__Required work__.
Return the following from the records below: each line, word for word, starting with the line that contains "subformula_sems (And p" and going on through the line that contains "subformula_sems (Dia A", with nothing outside that range.

__The data__.
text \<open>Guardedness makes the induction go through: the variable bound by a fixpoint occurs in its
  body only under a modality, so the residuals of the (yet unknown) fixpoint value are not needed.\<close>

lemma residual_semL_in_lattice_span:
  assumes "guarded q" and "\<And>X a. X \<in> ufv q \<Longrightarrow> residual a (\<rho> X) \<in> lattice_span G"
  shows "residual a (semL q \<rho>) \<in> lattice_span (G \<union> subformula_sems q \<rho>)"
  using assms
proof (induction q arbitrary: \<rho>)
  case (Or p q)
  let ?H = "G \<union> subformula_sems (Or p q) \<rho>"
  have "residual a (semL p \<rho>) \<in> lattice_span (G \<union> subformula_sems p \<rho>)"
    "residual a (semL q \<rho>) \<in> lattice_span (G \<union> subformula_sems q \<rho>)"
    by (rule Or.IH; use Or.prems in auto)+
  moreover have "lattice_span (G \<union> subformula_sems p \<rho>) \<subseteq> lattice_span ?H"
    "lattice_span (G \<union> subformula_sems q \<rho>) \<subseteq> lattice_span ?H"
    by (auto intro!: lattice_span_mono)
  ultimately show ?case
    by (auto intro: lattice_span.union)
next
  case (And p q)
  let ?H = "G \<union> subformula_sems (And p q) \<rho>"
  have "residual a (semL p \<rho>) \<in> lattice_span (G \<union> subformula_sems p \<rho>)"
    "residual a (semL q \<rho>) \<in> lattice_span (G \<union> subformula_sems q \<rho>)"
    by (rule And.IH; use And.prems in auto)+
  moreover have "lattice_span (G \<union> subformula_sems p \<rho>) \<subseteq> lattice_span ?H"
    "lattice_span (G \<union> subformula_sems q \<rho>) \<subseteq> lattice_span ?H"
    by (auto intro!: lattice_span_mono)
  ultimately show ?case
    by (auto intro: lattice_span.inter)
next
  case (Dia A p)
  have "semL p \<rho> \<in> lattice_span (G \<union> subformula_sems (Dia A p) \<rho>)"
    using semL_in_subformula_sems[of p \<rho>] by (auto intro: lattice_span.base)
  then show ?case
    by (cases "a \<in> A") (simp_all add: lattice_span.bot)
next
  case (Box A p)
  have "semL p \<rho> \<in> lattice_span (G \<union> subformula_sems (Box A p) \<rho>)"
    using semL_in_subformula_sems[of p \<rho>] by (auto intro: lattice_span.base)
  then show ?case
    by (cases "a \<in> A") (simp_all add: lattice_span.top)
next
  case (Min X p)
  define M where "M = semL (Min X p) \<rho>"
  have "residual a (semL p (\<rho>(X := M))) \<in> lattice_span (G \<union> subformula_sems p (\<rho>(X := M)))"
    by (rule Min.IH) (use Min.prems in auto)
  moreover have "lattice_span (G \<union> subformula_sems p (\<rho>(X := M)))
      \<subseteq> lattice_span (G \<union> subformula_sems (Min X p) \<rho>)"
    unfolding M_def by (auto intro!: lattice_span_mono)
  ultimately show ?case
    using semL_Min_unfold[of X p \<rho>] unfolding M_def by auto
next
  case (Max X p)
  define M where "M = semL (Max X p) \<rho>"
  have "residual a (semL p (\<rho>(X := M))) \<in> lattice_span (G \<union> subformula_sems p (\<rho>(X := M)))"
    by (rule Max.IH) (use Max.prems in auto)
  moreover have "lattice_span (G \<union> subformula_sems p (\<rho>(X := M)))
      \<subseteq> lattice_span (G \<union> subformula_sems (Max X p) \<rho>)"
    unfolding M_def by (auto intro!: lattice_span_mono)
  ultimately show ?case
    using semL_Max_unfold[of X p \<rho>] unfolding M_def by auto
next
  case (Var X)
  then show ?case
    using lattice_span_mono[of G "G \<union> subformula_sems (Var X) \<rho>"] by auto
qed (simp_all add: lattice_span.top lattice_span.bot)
---
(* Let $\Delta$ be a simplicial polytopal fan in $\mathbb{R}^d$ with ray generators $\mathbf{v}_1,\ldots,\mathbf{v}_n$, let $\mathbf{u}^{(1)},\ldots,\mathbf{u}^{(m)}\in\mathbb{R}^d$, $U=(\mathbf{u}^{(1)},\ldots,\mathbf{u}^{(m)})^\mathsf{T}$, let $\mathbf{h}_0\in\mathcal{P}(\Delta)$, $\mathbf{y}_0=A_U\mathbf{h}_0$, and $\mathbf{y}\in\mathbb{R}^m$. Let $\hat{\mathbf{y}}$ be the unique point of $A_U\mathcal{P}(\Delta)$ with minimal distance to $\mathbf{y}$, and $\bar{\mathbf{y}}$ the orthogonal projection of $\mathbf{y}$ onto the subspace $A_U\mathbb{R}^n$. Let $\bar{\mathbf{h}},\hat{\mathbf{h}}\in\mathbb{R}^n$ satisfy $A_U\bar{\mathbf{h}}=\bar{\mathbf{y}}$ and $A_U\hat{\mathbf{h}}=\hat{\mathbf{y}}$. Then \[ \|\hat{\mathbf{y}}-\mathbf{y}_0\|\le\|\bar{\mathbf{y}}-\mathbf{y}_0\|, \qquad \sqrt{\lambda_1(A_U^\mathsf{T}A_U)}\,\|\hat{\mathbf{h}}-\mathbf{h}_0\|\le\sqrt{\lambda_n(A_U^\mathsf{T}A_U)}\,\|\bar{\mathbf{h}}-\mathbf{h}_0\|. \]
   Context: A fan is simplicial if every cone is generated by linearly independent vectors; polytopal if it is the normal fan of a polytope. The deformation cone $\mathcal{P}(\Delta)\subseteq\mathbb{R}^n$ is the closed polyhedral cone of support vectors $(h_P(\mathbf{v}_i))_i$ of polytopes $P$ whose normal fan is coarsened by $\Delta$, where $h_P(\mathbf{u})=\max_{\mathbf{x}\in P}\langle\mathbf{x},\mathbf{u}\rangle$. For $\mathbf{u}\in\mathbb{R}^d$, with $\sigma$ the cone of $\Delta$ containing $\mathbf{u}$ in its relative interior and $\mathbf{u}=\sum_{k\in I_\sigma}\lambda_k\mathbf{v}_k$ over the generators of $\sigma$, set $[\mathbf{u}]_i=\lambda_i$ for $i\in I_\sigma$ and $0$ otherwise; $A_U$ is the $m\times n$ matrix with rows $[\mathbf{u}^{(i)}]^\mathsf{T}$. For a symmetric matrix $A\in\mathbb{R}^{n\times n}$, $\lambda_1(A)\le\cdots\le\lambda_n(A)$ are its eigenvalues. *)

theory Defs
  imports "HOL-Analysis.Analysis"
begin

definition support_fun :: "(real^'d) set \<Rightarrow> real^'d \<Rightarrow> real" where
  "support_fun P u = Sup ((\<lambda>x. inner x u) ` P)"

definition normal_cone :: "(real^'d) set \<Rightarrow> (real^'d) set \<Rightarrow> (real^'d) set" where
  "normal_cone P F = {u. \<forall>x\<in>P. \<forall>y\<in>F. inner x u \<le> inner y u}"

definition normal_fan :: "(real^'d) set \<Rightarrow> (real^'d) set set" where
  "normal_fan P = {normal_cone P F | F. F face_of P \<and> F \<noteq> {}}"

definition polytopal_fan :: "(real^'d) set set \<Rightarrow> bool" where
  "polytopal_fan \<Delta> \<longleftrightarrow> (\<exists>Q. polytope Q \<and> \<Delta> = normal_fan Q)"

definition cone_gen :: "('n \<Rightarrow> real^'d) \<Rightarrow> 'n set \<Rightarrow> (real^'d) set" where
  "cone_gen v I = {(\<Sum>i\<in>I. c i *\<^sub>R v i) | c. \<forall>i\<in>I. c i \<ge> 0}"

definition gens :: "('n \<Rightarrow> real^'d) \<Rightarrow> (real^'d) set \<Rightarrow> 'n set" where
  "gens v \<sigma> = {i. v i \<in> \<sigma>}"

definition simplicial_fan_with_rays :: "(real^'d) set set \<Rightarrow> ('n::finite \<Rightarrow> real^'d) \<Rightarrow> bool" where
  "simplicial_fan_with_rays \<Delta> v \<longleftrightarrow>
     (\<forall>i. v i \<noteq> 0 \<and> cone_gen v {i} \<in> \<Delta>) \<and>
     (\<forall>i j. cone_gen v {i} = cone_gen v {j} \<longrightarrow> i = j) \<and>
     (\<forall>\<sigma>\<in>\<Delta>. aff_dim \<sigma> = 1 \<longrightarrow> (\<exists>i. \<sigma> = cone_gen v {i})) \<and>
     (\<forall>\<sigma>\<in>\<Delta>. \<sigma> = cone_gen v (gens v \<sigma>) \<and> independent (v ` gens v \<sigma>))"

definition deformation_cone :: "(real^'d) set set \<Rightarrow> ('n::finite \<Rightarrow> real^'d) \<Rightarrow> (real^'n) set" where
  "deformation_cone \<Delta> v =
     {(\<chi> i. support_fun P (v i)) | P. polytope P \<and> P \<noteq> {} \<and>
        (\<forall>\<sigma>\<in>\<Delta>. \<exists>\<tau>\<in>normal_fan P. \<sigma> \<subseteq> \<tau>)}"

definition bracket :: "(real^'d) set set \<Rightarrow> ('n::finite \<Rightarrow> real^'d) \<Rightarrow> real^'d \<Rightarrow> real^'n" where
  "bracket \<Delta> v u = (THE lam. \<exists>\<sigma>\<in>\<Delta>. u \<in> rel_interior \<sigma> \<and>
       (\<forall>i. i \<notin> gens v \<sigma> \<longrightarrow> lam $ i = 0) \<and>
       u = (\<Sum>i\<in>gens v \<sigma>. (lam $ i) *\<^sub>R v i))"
==
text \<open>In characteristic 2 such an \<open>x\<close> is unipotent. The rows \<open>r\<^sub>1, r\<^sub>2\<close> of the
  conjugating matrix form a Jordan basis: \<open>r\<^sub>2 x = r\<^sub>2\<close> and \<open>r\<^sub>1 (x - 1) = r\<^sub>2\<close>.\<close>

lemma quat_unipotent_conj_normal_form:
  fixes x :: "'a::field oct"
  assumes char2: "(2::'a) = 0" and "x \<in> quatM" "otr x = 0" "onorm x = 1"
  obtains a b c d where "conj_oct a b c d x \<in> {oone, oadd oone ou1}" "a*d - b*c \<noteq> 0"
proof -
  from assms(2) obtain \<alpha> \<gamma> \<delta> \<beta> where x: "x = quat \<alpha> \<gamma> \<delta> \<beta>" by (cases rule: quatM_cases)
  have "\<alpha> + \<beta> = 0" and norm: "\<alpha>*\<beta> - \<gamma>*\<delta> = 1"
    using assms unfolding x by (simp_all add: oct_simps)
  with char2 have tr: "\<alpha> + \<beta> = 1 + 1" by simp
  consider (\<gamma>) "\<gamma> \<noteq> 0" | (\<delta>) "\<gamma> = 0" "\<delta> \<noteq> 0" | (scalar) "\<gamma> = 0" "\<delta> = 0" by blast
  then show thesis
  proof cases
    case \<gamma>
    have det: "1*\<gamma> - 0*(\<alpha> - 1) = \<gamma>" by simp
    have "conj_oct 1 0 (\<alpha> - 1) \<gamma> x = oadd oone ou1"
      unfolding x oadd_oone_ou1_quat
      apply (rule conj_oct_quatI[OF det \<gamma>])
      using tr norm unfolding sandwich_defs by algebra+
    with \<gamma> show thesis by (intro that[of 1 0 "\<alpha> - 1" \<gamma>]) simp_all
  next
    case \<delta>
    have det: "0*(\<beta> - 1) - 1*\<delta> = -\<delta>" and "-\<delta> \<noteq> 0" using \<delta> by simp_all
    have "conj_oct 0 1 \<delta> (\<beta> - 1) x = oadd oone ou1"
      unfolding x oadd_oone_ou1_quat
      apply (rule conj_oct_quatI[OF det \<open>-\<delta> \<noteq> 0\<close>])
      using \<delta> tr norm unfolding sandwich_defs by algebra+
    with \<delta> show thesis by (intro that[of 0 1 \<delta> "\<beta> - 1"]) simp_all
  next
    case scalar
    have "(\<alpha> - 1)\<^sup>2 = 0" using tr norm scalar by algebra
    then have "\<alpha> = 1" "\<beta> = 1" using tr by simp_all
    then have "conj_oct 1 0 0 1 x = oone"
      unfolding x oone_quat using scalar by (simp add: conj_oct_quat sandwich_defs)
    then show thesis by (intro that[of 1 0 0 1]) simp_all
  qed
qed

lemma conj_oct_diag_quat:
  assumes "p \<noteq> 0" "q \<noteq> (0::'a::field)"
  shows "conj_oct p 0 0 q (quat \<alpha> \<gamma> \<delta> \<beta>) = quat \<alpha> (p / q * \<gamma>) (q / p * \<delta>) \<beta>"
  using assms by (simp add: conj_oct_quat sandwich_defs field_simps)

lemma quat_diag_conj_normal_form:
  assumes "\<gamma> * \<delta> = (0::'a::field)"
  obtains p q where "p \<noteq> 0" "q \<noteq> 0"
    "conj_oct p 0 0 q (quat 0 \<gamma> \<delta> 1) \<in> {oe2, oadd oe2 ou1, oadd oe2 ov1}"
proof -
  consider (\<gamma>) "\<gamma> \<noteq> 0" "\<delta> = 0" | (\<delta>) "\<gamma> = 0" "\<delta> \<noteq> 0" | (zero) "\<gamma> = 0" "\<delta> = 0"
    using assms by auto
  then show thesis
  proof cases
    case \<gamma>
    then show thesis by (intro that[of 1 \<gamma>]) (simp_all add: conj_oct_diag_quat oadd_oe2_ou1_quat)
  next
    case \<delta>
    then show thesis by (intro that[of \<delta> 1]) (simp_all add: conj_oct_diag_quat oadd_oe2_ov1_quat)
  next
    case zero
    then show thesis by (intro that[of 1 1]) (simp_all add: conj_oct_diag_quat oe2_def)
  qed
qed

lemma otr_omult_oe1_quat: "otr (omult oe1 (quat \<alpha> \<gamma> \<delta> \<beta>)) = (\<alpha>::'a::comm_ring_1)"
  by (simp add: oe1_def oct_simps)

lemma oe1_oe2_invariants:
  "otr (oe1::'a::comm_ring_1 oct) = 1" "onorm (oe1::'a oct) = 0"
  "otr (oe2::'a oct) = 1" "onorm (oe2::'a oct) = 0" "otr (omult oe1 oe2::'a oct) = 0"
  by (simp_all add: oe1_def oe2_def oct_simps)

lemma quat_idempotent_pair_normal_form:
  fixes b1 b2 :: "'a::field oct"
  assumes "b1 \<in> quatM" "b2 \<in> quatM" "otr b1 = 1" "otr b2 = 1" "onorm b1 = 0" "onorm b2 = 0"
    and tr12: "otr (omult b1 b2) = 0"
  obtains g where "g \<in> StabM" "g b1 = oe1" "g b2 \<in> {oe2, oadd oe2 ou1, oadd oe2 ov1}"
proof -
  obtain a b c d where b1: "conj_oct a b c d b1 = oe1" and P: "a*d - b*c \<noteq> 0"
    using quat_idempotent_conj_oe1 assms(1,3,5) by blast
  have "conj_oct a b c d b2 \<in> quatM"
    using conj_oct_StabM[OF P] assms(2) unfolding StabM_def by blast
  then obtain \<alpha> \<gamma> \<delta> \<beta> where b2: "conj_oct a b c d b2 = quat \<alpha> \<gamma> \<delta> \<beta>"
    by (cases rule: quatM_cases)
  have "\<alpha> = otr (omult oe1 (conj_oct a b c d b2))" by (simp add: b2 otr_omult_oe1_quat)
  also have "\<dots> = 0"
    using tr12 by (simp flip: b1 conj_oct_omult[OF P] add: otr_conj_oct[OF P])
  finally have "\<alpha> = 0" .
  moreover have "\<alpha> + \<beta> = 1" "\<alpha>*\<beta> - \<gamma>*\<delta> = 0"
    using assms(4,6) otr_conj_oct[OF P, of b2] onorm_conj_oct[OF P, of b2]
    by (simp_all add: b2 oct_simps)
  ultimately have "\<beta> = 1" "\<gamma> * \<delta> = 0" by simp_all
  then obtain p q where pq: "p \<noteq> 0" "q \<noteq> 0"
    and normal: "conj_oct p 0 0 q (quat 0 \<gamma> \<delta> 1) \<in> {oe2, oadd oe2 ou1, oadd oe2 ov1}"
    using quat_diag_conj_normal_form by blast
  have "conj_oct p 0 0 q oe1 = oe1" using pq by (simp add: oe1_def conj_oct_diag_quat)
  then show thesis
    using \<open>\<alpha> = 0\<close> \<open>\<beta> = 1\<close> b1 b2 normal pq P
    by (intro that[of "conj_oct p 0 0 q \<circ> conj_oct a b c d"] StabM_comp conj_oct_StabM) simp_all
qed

__Solution to this problem__.
  let ?H = "G \<union> subformula_sems (And p q) \<rho>"
  have "residual a (semL p \<rho>) \<in> lattice_span (G \<union> subformula_sems p \<rho>)"
    "residual a (semL q \<rho>) \<in> lattice_span (G \<union> subformula_sems q \<rho>)"
    by (rule And.IH; use And.prems in auto)+
  moreover have "lattice_span (G \<union> subformula_sems p \<rho>) \<subseteq> lattice_span ?H"
    "lattice_span (G \<union> subformula_sems q \<rho>) \<subseteq> lattice_span ?H"
    by (auto intro!: lattice_span_mono)
  ultimately show ?case
    by (auto intro: lattice_span.inter)
next
  case (Dia A p)
  have "semL p \<rho> \<in> lattice_span (G \<union> subformula_sems (Dia A p) \<rho>)"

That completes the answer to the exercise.